Press any key to continue . . .

When writing ++Stories, the value of the variable is incremented before being called. On the other hand, if you want to first use a variable, then increment it, in other words, if you want to increment the variable after calling it, position the ++ operator on the right side of the variable. Here is an example:

using namespace System;

int main()
{
    Byte Stories = 2;

    Console::WriteLine(L"Stories: {0}", Stories);
    Console::WriteLine(L"Stories: {0}", Stories++);
    Console::WriteLine(L"Stories: {0}", Stories);

    Console::WriteLine();
    return 0;
}

This would produce:

Stories: 2
Stories: 2
Stories: 3

Press any key to continue . . .

Decrementing: Pre and Post-Decrementing

When counting numbers backward, such as 8, 7, 6, 5, etc, we are in fact subtracting 1 from a value in order to get the lesser value. This operation is referred to as decrementing a variable. This operation works as if a variable called Stories had its value diminished by 1, as in

using namespace System;

int main()
{
    Byte Stories = 4;

    Console::WriteLine(L"Stories: {0}", Stories);
    Stories = Stories - 1;
    Console::WriteLine(L"Stories: {0}", Stories);

    Console::WriteLine();
    return 0;
}

As done with the increment, C++ provides a quicker way of subtracting 1 from a variable. This is done using the decrement operator, that is --. To use the decrement operator, type –- on the left or the right side of the variable.

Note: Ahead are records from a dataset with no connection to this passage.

(* Let $S=\left\{\begin{pmatrix}\alpha&a&b\\0&\alpha&c\\0&0&\alpha\end{pmatrix}:\alpha,a,b,c\in\mathbb C\right\}$, normed by the operator norm of $3\times 3$ matrices acting on $\mathbb C^3$ (Euclidean norm). Let $A$ be $S$ with the multiplication $(\alpha I+M)(\beta I+N)=\alpha\beta I+\alpha N+\beta M$ for strictly upper triangular $M,N$ (the unitization of the strictly upper triangular matrices with zero multiplication), and let $B$ be $S$ with the usual matrix multiplication. Then $A^{-1}=B^{-1}=\{\alpha\neq 0\}$ as sets, the map $T:A^{-1}\to B^{-1}$, $T(M)=M+F$ with $F=\begin{pmatrix}0&0&7\\0&0&0\\0&0&0\end{pmatrix}$, is a well-defined surjective isometry, $A$ is commutative but not semisimple, and $A^{-1}$ is not isomorphic as a group to $B^{-1}$.
   Context: The metric on $A^{-1}$ and $B^{-1}$ is the one induced by the operator norm. *)

theory Defs
  imports "HOL-Analysis.Analysis" "HOL-Algebra.Group"
begin

type_synonym cmat3 = "complex^3^3"

definition tri :: "complex \<Rightarrow> complex \<Rightarrow> complex \<Rightarrow> complex \<Rightarrow> cmat3" where
  "tri \<alpha> a b c = (\<chi> i j. if i = j then \<alpha>
      else if i = 1 \<and> j = 2 then a
      else if i = 1 \<and> j = 3 then b
      else if i = 2 \<and> j = 3 then c else 0)"

definition S :: "cmat3 set" where
  "S = {tri \<alpha> a b c | \<alpha> a b c. True}"

definition opnorm :: "cmat3 \<Rightarrow> real" where
  "opnorm M = onorm (\<lambda>v::complex^3. M *v v)"

definition diagc :: "cmat3 \<Rightarrow> complex" where
  "diagc X = X $ 1 $ 1"

definition strictpart :: "cmat3 \<Rightarrow> cmat3" where
  "strictpart X = X - mat (diagc X)"

definition multA :: "cmat3 \<Rightarrow> cmat3 \<Rightarrow> cmat3" where
  "multA X Y = mat (diagc X * diagc Y)
     + (\<chi> i j. diagc X * strictpart Y $ i $ j + diagc Y * strictpart X $ i $ j)"

definition Ainv :: "cmat3 set" where
  "Ainv = {X \<in> S. \<exists>Y \<in> S. multA X Y = mat 1 \<and> multA Y X = mat 1}"

definition Binv :: "cmat3 set" where
  "Binv = {X \<in> S. \<exists>Y \<in> S. X ** Y = mat 1 \<and> Y ** X = mat 1}"

definition Fmat :: cmat3 where
  "Fmat = tri 0 0 7 0"

definition Tmap :: "cmat3 \<Rightarrow> cmat3" where
  "Tmap M = M + Fmat"

definition left_idealA :: "cmat3 set \<Rightarrow> bool" where
  "left_idealA I \<longleftrightarrow> I \<subseteq> S \<and> 0 \<in> I \<and> (\<forall>x\<in>I. \<forall>y\<in>I. x + y \<in> I) \<and> (\<forall>x\<in>I. - x \<in> I)
     \<and> (\<forall>c::complex. \<forall>x\<in>I. (\<chi> i j. c * x $ i $ j) \<in> I)
     \<and> (\<forall>a\<in>S. \<forall>x\<in>I. multA a x \<in> I)"

definition maximal_left_idealA :: "cmat3 set \<Rightarrow> bool" where
  "maximal_left_idealA I \<longleftrightarrow> left_idealA I \<and> I \<noteq> S
     \<and> (\<forall>J. left_idealA J \<and> J \<noteq> S \<and> I \<subseteq> J \<longrightarrow> J = I)"

definition radA :: "cmat3 set" where
  "radA = \<Inter> {I. maximal_left_idealA I}"

definition groupA :: "cmat3 monoid" where
  "groupA = \<lparr>carrier = Ainv, mult = multA, one = mat 1\<rparr>"

definition groupB :: "cmat3 monoid" where
  "groupB = \<lparr>carrier = Binv, mult = (**), one = mat 1\<rparr>"

end

theory Submission
  imports Defs
begin

(* Every matrix of S is tri alpha a b c, and in these coordinates both products on S
   are explicit polynomial maps.  The proof therefore first computes everything in
   coordinates and then reads off the seven claims:
   - X is invertible in A, resp. in B, iff alpha <> 0; the inverse is written down
     explicitly (for A one product suffices because multA is commutative);
   - T is a translation, so T X - T Y = X - Y, which gives the isometry property, and
     it fixes the diagonal, which gives T(A^-1) = B^-1;
   - a proper left ideal of A contains no invertible element, hence lies in
     N = {alpha = 0}; N itself is a proper left ideal, so it is the unique maximal
     left ideal and rad A = N, which contains nonzero matrices;
   - group isomorphisms transfer commutativity, A^-1 is commutative, and B^-1 contains
     two non-commuting matrices, so the groups are not isomorphic. *)

lemma tri_entry: "tri \<alpha> a b c $ i $ j = (if i = j then \<alpha>
      else if i = 1 \<and> j = 2 then a
      else if i = 1 \<and> j = 3 then b
      else if i = 2 \<and> j = 3 then c else 0)"
  by (simp add: tri_def)

lemma tri_eq: "tri \<alpha> a b c = tri \<beta> d e f \<longleftrightarrow> \<alpha> = \<beta> \<and> a = d \<and> b = e \<and> c = f"
  by (auto simp add: vec_eq_iff forall_3 tri_entry)

lemma tri_in_S [simp]: "tri \<alpha> a b c \<in> S"
  by (auto simp: S_def)

lemma S_cases:
  assumes "X \<in> S"
  obtains \<alpha> a b c where "X = tri \<alpha> a b c"
  using assms by (auto simp: S_def)

lemma mat_tri: "mat x = tri x 0 0 0"
  by (simp add: vec_eq_iff forall_3 tri_entry mat_def)

lemma zero_tri: "(0::cmat3) = tri 0 0 0 0"
  by (simp add: vec_eq_iff forall_3 tri_entry)

lemma diagc_tri [simp]: "diagc (tri \<alpha> a b c) = \<alpha>"
  by (simp add: diagc_def tri_entry)

lemma add_tri: "tri \<alpha> a b c + tri \<beta> d e f = tri (\<alpha> + \<beta>) (a + d) (b + e) (c + f)"
  by (simp add: vec_eq_iff forall_3 tri_entry)

lemma neg_tri: "- tri \<alpha> a b c = tri (- \<alpha>) (- a) (- b) (- c)"
  by (simp add: vec_eq_iff forall_3 tri_entry)

lemma scale_tri: "(\<chi> i j. k * tri \<alpha> a b c $ i $ j) = tri (k * \<alpha>) (k * a) (k * b) (k * c)"
  by (simp add: vec_eq_iff forall_3 tri_entry)

lemma matmult_tri:
  "tri \<alpha> a b c ** tri \<beta> d e f
     = tri (\<alpha> * \<beta>) (\<alpha> * d + a * \<beta>) (\<alpha> * e + a * f + b * \<beta>) (\<alpha> * f + c * \<beta>)"
  by (simp add: vec_eq_iff forall_3 tri_entry matrix_matrix_mult_def sum_3)

lemma strictpart_tri: "strictpart (tri \<alpha> a b c) = tri 0 a b c"
  by (simp add: strictpart_def vec_eq_iff forall_3 tri_entry mat_def)

lemma multA_tri:
  "multA (tri \<alpha> a b c) (tri \<beta> d e f)
     = tri (\<alpha> * \<beta>) (\<alpha> * d + \<beta> * a) (\<alpha> * e + \<beta> * b) (\<alpha> * f + \<beta> * c)"
  by (simp add: multA_def strictpart_tri vec_eq_iff forall_3 tri_entry mat_def)

lemma multA_comm: "multA X Y = multA Y X"
  by (simp add: multA_def mult.commute add.commute)

lemma multA_one_right: "X \<in> S \<Longrightarrow> multA X (mat 1) = X"
  by (auto elim: S_cases simp: mat_tri multA_tri)

lemma multA_inverse:
  assumes "\<alpha> \<noteq> 0"
  shows "multA (tri \<alpha> a b c) (tri (1/\<alpha>) (- a/\<alpha>^2) (- b/\<alpha>^2) (- c/\<alpha>^2)) = mat 1"
  using assms by (simp add: multA_tri mat_tri tri_eq field_simps power2_eq_square)

lemma matmult_inverse:
  fixes \<alpha> a b c :: complex
  assumes "\<alpha> \<noteq> 0"
  defines "Y \<equiv> tri (1/\<alpha>) (- a/\<alpha>^2) ((a * c - \<alpha> * b)/\<alpha>^3) (- c/\<alpha>^2)"
  shows "tri \<alpha> a b c ** Y = mat 1" and "Y ** tri \<alpha> a b c = mat 1"
  using assms by (simp_all add: Y_def matmult_tri mat_tri tri_eq field_simps
      power2_eq_square power3_eq_cube)

(* In both algebras the diagonal entry is multiplicative, so an invertible element
   must have nonzero diagonal; the explicit inverses give the converse. *)
lemma Ainv_eq: "Ainv = {X \<in> S. diagc X \<noteq> 0}"
proof (rule Set.set_eqI, rule iffI)
  fix X assume "X \<in> Ainv"
  then obtain Y where "X \<in> S" "Y \<in> S" "multA X Y = mat 1"
    by (auto simp: Ainv_def)
  then show "X \<in> {X \<in> S. diagc X \<noteq> 0}"
    by (auto elim!: S_cases simp: multA_tri mat_tri tri_eq)
next
  fix X assume "X \<in> {X \<in> S. diagc X \<noteq> 0}"
  then obtain \<alpha> a b c where X: "X = tri \<alpha> a b c" and "\<alpha> \<noteq> 0"
    by (auto elim: S_cases)
  define Y where "Y = tri (1/\<alpha>) (- a/\<alpha>^2) (- b/\<alpha>^2) (- c/\<alpha>^2)"
  have XY: "multA X Y = mat 1"
    unfolding X Y_def by (rule multA_inverse[OF \<open>\<alpha> \<noteq> 0\<close>])
  moreover have "multA Y X = mat 1"
    using XY by (simp only: multA_comm)
  ultimately show "X \<in> Ainv"
    unfolding Ainv_def using X Y_def tri_in_S by blast
qed

lemma Binv_eq: "Binv = {X \<in> S. diagc X \<noteq> 0}"
proof (rule Set.set_eqI, rule iffI)
  fix X assume "X \<in> Binv"
  then obtain Y where "X \<in> S" "Y \<in> S" "X ** Y = mat 1"
    by (auto simp: Binv_def)
  then show "X \<in> {X \<in> S. diagc X \<noteq> 0}"
    by (auto elim!: S_cases simp: matmult_tri mat_tri tri_eq)
next
  fix X assume "X \<in> {X \<in> S. diagc X \<noteq> 0}"
  then obtain \<alpha> a b c where X: "X = tri \<alpha> a b c" and "\<alpha> \<noteq> 0"
    by (auto elim: S_cases)
  then show "X \<in> Binv"
    unfolding Binv_def using matmult_inverse tri_in_S by blast
qed

lemma Tmap_tri: "Tmap (tri \<alpha> a b c) = tri \<alpha> a (b + 7) c"
  by (simp add: Tmap_def Fmat_def add_tri)

(* T is a translation, so it preserves differences and hence every distance
   defined from a norm, in particular the one given by the operator norm. *)
lemma Tmap_diff: "Tmap X - Tmap Y = X - Y"
  by (simp add: Tmap_def)

(* T maps S onto S, keeps the diagonal and is inverted by the opposite translation. *)
lemma Tmap_image: "Tmap ` Ainv = Binv"
proof (rule Set.set_eqI, rule iffI)
  fix Z assume "Z \<in> Tmap ` Ainv"
  then show "Z \<in> Binv"
    unfolding Ainv_eq Binv_eq by (auto elim!: S_cases simp: Tmap_tri)
next
  fix Z assume "Z \<in> Binv"
  then obtain \<alpha> a b c where Z: "Z = tri \<alpha> a b c" and "\<alpha> \<noteq> 0"
    unfolding Binv_eq by (auto elim: S_cases)
  then have "tri \<alpha> a (b - 7) c \<in> Ainv" and "Z = Tmap (tri \<alpha> a (b - 7) c)"
    by (simp_all add: Ainv_eq Tmap_tri)
  then show "Z \<in> Tmap ` Ainv" by blast
qed

definition Nset :: "cmat3 set" where
  "Nset = {X \<in> S. diagc X = 0}"

lemma Nset_left_ideal: "left_idealA Nset"
  unfolding left_idealA_def Nset_def
  by (auto elim!: S_cases simp: zero_tri add_tri neg_tri scale_tri multA_tri)

lemma Nset_proper: "Nset \<noteq> S"
proof
  assume "Nset = S"
  then have "tri 1 0 0 0 \<in> Nset" by simp
  then show False by (simp add: Nset_def)
qed

(* A left ideal containing an invertible element contains the unit and hence all of S;
   so a proper left ideal consists of non-invertible elements, i.e. lies in Nset. *)
lemma proper_left_ideal_subset_Nset:
  assumes I: "left_idealA I" and proper: "I \<noteq> S"
  shows "I \<subseteq> Nset"
proof
  fix X assume XI: "X \<in> I"
  show "X \<in> Nset"
  proof (rule ccontr)
    assume "X \<notin> Nset"
    with I XI have "X \<in> Ainv" by (auto simp: left_idealA_def Nset_def Ainv_eq)
    then obtain Y where "Y \<in> S" "multA Y X = mat 1" by (auto simp: Ainv_def)
    with I XI have one: "mat 1 \<in> I" unfolding left_idealA_def by metis
    have "S \<subseteq> I"
    proof
      fix Z assume "Z \<in> S"
      with one I have "multA Z (mat 1) \<in> I" by (simp add: left_idealA_def)
      with \<open>Z \<in> S\<close> show "Z \<in> I" by (simp add: multA_one_right)
    qed
    with I proper show False by (auto simp: left_idealA_def)
  qed
qed

lemma maximal_left_idealA_iff: "maximal_left_idealA I \<longleftrightarrow> I = Nset"
  using proper_left_ideal_subset_Nset Nset_left_ideal Nset_proper
  unfolding maximal_left_idealA_def by blast

lemma radA_eq: "radA = Nset"
  by (simp add: radA_def maximal_left_idealA_iff)

lemma radA_nontrivial: "radA \<noteq> {0}"
proof -
  have "tri 0 1 0 0 \<in> radA" by (simp add: radA_eq Nset_def)
  moreover have "tri 0 1 0 0 \<noteq> (0::cmat3)" by (simp add: zero_tri tri_eq)
  ultimately show ?thesis by blast
qed

lemma iso_transfers_commutativity:
  assumes "G \<cong> H"
    and comm: "\<And>x y. x \<in> carrier G \<Longrightarrow> y \<in> carrier G \<Longrightarrow> x \<otimes>\<^bsub>G\<^esub> y = y \<otimes>\<^bsub>G\<^esub> x"
    and "u \<in> carrier H" "v \<in> carrier H"
  shows "u \<otimes>\<^bsub>H\<^esub> v = v \<otimes>\<^bsub>H\<^esub> u"
proof -
  obtain h where h: "h \<in> hom G H" "h ` carrier G = carrier H"
    using assms(1) by (auto simp: is_iso_def iso_iff)
  obtain x y where x: "x \<in> carrier G" "u = h x" and y: "y \<in> carrier G" "v = h y"
    using assms(3,4) h(2) by blast
  have "u \<otimes>\<^bsub>H\<^esub> v = h (x \<otimes>\<^bsub>G\<^esub> y)" using h(1) x y by (simp add: hom_mult)
  also have "\<dots> = h (y \<otimes>\<^bsub>G\<^esub> x)" using comm x y by simp
  also have "\<dots> = v \<otimes>\<^bsub>H\<^esub> u" using h(1) x y by (simp add: hom_mult)
  finally show ?thesis .
qed

(* B^-1 is not commutative: the elementary matrices for the entries (1,2) and (2,3)
   do not commute, since only one order produces a nonzero (1,3) entry. *)
lemma groupB_noncommutative:
  "tri 1 1 0 0 \<in> Binv" "tri 1 0 0 1 \<in> Binv"
  "tri 1 1 0 0 ** tri 1 0 0 1 \<noteq> tri 1 0 0 1 ** tri 1 1 0 0"
  by (simp_all add: Binv_eq matmult_tri tri_eq)

lemma groups_not_isomorphic: "\<not> (groupA \<cong> groupB)"
proof
  assume "groupA \<cong> groupB"
  moreover have "\<And>x y. multA x y = multA y x"
    by (rule multA_comm)
  ultimately have "tri 1 1 0 0 ** tri 1 0 0 1 = tri 1 0 0 1 ** tri 1 1 0 0"
    using iso_transfers_commutativity[of groupA groupB "tri 1 1 0 0" "tri 1 0 0 1"]
      groupB_noncommutative(1,2)
    unfolding groupA_def groupB_def by simp
  with groupB_noncommutative(3) show False by blast
qed

theorem mainTheorem6:
  shows "Ainv = {X \<in> S. diagc X \<noteq> 0}
    \<and> Binv = {X \<in> S. diagc X \<noteq> 0}
    \<and> Tmap ` Ainv = Binv
    \<and> (\<forall>X\<in>Ainv. \<forall>Y\<in>Ainv. opnorm (Tmap X - Tmap Y) = opnorm (X - Y))
    \<and> (\<forall>X\<in>S. \<forall>Y\<in>S. multA X Y = multA Y X)
    \<and> radA \<noteq> {0}
    \<and> \<not> (groupA \<cong> groupB)"
  using Ainv_eq Binv_eq Tmap_image Tmap_diff multA_comm radA_nontrivial groups_not_isomorphic
  by simp

end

Here is an example:

using namespace System;

int main()
{
    Byte Stories = 4;

    Console::WriteLine(L"Stories: {0}", Stories);
    Stories--;
    Console::WriteLine(L"Stories: {0}", Stories);

    Console::WriteLine();
    return 0;
}

Both versions would produce:

Stories: 4
Stories: 3

Press any key to continue . . .

Once again, the position of the operator is important. If you want to decrement the variable before calling it, position the operator on the left side of the operator. If you plan to decrement a variable after it has been accessed, position the operator on the right side of the variable.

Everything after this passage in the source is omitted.